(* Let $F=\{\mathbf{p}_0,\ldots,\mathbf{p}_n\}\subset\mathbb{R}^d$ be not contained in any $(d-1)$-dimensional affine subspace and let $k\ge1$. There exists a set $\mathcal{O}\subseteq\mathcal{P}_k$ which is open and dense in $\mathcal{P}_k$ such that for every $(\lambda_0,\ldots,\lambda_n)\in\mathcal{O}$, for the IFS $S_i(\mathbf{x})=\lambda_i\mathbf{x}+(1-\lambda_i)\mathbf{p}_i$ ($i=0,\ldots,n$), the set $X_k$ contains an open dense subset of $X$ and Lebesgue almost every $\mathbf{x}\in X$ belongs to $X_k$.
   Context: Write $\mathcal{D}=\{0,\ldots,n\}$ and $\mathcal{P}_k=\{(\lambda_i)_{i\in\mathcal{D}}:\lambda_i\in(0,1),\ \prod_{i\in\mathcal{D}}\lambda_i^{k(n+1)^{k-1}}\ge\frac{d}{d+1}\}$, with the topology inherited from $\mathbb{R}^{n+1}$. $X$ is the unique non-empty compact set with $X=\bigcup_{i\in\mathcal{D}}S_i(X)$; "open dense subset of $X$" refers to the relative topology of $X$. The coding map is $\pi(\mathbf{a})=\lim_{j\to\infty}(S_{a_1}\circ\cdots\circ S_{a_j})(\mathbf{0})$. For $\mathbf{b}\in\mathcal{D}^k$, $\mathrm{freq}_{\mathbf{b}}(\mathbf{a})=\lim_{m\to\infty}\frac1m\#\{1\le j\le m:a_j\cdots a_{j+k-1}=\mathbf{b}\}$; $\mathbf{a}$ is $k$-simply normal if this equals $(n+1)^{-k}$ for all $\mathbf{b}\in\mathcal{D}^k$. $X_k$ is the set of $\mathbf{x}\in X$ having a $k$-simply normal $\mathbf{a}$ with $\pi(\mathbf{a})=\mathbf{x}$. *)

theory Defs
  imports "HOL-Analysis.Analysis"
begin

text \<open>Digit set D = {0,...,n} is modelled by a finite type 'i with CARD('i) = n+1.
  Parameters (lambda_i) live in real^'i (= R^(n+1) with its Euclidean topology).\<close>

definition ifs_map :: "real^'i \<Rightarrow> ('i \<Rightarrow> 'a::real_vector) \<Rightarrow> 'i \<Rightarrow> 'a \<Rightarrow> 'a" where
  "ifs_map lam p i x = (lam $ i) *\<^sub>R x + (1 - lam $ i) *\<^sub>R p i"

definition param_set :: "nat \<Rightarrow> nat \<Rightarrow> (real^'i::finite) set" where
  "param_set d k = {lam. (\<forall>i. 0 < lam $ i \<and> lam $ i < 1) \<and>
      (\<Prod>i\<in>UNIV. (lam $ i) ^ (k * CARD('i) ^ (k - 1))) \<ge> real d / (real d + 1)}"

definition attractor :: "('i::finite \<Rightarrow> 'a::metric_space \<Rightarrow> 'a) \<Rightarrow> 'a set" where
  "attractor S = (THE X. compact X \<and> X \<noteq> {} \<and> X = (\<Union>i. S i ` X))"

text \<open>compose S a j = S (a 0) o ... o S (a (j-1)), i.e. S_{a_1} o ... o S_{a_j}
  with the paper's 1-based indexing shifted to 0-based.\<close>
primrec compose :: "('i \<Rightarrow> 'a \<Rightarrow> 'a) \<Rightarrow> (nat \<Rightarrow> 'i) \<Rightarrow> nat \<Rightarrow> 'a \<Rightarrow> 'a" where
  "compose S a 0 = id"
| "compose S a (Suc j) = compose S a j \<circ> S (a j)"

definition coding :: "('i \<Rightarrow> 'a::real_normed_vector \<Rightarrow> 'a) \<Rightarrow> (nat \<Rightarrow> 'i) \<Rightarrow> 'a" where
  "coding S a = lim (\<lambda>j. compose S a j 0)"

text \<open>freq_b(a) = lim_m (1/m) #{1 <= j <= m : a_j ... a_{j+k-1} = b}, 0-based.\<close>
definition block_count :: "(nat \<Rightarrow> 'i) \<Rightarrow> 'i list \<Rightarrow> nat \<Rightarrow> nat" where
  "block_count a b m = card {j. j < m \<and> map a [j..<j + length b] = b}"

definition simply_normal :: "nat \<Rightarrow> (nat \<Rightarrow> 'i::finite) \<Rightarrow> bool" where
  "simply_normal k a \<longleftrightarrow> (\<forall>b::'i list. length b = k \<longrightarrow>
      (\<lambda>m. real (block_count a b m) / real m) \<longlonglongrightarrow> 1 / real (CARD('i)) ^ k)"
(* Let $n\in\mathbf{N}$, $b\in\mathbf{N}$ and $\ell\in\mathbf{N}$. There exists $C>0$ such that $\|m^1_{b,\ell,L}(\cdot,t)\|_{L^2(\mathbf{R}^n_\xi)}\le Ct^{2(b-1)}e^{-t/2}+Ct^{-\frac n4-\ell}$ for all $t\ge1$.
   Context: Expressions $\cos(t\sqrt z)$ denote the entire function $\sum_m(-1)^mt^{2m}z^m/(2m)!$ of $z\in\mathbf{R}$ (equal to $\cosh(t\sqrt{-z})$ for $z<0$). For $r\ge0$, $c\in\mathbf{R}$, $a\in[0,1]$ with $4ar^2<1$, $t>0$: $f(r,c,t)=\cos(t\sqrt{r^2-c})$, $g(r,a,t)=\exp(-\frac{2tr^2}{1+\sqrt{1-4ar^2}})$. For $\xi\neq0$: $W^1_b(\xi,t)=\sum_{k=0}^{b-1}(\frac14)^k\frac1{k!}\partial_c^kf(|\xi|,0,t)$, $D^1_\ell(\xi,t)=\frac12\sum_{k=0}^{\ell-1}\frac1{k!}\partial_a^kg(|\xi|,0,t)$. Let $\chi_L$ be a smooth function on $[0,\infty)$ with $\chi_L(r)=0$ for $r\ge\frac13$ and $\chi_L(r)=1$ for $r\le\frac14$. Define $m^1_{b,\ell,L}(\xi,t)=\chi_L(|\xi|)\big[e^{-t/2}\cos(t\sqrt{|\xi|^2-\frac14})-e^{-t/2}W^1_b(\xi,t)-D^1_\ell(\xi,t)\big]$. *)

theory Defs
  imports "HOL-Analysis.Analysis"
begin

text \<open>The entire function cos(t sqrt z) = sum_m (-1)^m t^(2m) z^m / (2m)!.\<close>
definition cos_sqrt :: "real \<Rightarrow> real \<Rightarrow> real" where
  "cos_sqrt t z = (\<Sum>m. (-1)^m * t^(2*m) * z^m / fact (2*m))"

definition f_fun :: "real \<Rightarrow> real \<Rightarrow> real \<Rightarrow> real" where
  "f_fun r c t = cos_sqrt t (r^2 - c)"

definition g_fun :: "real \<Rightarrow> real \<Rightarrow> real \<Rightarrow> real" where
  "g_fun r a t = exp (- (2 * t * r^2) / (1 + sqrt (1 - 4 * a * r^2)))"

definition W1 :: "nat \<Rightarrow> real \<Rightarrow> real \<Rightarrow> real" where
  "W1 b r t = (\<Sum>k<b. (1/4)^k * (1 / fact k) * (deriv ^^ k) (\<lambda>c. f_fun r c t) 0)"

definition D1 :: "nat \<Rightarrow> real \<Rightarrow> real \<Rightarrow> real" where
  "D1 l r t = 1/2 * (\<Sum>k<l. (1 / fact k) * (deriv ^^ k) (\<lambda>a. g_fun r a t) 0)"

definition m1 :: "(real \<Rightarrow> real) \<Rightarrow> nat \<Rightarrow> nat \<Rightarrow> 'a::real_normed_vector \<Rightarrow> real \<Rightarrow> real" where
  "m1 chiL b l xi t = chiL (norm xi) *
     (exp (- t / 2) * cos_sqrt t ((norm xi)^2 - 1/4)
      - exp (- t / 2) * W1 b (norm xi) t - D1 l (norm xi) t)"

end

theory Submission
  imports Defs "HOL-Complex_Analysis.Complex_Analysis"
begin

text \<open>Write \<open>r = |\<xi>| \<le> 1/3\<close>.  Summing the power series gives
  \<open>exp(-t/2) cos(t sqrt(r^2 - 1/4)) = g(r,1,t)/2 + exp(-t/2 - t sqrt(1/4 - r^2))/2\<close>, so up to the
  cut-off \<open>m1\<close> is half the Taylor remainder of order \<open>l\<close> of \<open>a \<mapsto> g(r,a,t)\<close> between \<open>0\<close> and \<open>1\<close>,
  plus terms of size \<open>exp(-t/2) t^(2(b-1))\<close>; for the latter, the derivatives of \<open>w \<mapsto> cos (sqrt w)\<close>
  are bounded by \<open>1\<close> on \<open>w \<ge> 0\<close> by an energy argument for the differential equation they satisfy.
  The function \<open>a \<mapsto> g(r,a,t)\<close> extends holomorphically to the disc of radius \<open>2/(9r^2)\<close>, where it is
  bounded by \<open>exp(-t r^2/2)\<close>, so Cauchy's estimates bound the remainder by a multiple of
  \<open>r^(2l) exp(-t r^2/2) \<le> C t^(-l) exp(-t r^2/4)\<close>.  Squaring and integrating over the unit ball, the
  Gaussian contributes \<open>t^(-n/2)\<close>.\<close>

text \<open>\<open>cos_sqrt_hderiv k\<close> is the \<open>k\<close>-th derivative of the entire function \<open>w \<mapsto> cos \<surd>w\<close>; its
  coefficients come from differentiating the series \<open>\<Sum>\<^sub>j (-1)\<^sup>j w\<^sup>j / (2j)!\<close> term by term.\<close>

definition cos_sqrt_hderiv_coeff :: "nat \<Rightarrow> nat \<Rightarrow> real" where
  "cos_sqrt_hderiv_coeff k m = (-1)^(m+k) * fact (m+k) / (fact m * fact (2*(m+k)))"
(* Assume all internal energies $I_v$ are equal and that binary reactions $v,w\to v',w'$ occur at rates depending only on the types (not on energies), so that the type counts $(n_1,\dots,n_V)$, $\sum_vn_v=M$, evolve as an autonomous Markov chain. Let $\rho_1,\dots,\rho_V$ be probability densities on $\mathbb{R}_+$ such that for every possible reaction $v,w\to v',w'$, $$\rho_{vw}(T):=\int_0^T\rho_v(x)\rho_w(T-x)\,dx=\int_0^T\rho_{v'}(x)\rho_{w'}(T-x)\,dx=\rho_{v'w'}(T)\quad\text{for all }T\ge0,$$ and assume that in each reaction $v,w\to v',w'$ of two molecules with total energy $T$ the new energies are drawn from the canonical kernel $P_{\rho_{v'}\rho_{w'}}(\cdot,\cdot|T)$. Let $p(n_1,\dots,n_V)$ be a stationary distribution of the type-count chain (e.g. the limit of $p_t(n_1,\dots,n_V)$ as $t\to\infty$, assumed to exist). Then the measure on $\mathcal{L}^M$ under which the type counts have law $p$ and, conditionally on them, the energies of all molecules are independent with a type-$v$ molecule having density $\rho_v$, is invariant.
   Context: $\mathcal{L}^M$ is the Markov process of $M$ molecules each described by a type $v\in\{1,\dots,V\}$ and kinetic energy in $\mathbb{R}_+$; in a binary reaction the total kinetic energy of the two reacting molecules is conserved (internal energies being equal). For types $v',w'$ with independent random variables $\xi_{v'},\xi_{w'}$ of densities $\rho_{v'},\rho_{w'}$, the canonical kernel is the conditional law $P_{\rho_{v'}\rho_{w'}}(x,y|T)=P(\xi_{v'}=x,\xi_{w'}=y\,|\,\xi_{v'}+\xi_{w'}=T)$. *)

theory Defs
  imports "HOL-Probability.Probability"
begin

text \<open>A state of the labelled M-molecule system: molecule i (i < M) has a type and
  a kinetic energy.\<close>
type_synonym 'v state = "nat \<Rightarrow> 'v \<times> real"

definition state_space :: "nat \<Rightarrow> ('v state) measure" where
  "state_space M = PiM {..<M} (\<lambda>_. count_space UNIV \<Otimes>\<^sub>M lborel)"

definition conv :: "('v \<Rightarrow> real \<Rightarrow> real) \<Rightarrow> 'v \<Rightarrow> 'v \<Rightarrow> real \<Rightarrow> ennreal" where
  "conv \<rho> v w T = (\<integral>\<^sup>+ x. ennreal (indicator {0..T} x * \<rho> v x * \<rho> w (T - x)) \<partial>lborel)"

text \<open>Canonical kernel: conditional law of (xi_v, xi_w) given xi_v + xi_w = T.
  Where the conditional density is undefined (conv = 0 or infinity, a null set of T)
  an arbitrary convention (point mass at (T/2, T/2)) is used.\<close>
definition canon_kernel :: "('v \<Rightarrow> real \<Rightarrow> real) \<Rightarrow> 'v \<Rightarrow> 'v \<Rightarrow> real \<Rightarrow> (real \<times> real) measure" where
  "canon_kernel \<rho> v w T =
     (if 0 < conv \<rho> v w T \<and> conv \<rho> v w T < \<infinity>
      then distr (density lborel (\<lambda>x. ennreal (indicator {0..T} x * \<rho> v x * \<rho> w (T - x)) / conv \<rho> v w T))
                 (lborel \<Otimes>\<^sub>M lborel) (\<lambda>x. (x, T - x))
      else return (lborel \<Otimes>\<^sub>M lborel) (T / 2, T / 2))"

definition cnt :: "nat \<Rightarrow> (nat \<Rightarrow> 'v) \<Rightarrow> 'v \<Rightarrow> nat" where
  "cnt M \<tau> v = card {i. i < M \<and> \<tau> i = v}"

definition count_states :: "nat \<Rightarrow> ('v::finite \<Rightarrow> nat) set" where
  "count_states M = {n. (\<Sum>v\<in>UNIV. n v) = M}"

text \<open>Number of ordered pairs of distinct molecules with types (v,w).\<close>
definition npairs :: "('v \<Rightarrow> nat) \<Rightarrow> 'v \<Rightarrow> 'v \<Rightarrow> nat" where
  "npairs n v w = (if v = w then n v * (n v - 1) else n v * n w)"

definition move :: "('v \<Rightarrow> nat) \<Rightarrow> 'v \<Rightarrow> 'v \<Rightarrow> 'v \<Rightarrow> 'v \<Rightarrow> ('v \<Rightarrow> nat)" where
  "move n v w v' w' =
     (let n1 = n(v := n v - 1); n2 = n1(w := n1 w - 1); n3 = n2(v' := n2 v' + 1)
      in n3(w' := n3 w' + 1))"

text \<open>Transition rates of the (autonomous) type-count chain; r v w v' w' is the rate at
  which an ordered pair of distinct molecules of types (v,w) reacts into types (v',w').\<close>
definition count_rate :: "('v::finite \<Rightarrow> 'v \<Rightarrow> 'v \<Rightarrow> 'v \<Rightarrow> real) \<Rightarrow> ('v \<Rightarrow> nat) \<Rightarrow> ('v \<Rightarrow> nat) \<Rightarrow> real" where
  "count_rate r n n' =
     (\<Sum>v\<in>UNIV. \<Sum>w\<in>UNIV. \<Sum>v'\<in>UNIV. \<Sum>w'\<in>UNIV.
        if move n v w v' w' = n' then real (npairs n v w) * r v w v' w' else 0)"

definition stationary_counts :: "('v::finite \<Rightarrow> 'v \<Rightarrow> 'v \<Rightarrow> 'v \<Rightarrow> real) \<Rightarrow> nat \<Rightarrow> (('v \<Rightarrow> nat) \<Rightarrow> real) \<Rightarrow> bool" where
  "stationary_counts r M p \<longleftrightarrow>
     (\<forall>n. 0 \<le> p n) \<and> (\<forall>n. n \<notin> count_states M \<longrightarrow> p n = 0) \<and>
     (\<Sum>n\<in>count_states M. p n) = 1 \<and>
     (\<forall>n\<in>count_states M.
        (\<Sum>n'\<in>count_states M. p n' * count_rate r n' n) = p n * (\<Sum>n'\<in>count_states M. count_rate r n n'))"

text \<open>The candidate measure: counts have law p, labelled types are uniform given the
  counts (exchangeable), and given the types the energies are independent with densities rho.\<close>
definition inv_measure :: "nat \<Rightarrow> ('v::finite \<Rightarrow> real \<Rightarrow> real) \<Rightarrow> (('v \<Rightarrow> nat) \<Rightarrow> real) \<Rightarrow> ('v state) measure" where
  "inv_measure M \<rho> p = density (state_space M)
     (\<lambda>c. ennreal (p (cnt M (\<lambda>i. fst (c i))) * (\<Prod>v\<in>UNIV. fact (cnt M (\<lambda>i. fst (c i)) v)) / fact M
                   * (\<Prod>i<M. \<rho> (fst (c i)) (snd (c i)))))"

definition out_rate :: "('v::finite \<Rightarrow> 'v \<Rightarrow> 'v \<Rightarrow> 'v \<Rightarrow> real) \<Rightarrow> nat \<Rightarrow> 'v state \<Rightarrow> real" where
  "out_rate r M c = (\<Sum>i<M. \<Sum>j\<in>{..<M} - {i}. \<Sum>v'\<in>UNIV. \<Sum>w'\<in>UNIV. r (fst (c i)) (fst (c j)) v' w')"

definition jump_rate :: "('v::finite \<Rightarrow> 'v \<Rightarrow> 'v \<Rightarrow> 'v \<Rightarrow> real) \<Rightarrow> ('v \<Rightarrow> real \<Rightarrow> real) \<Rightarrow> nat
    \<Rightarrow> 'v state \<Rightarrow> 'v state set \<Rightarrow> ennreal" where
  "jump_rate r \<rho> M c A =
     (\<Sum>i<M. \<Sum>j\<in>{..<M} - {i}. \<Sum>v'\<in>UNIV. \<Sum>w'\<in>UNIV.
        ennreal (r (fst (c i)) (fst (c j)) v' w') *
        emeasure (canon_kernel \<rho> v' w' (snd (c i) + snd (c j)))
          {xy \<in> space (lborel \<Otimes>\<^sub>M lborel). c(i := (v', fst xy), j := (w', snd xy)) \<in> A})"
################
[The task] Every line above from the line with "1/2 * (\<Sum>k<l." to the line with "(-1)^(m+k) * fact" is wanted, ends included; write them out exactly and add no other line.

[Expected output]
  "D1 l r t = 1/2 * (\<Sum>k<l. (1 / fact k) * (deriv ^^ k) (\<lambda>a. g_fun r a t) 0)"

definition m1 :: "(real \<Rightarrow> real) \<Rightarrow> nat \<Rightarrow> nat \<Rightarrow> 'a::real_normed_vector \<Rightarrow> real \<Rightarrow> real" where
  "m1 chiL b l xi t = chiL (norm xi) *
     (exp (- t / 2) * cos_sqrt t ((norm xi)^2 - 1/4)
      - exp (- t / 2) * W1 b (norm xi) t - D1 l (norm xi) t)"

end

theory Submission
  imports Defs "HOL-Complex_Analysis.Complex_Analysis"
begin

text \<open>Write \<open>r = |\<xi>| \<le> 1/3\<close>.  Summing the power series gives
  \<open>exp(-t/2) cos(t sqrt(r^2 - 1/4)) = g(r,1,t)/2 + exp(-t/2 - t sqrt(1/4 - r^2))/2\<close>, so up to the
  cut-off \<open>m1\<close> is half the Taylor remainder of order \<open>l\<close> of \<open>a \<mapsto> g(r,a,t)\<close> between \<open>0\<close> and \<open>1\<close>,
  plus terms of size \<open>exp(-t/2) t^(2(b-1))\<close>; for the latter, the derivatives of \<open>w \<mapsto> cos (sqrt w)\<close>
  are bounded by \<open>1\<close> on \<open>w \<ge> 0\<close> by an energy argument for the differential equation they satisfy.
  The function \<open>a \<mapsto> g(r,a,t)\<close> extends holomorphically to the disc of radius \<open>2/(9r^2)\<close>, where it is
  bounded by \<open>exp(-t r^2/2)\<close>, so Cauchy's estimates bound the remainder by a multiple of
  \<open>r^(2l) exp(-t r^2/2) \<le> C t^(-l) exp(-t r^2/4)\<close>.  Squaring and integrating over the unit ball, the
  Gaussian contributes \<open>t^(-n/2)\<close>.\<close>

text \<open>\<open>cos_sqrt_hderiv k\<close> is the \<open>k\<close>-th derivative of the entire function \<open>w \<mapsto> cos \<surd>w\<close>; its
  coefficients come from differentiating the series \<open>\<Sum>\<^sub>j (-1)\<^sup>j w\<^sup>j / (2j)!\<close> term by term.\<close>

definition cos_sqrt_hderiv_coeff :: "nat \<Rightarrow> nat \<Rightarrow> real" where
  "cos_sqrt_hderiv_coeff k m = (-1)^(m+k) * fact (m+k) / (fact m * fact (2*(m+k)))"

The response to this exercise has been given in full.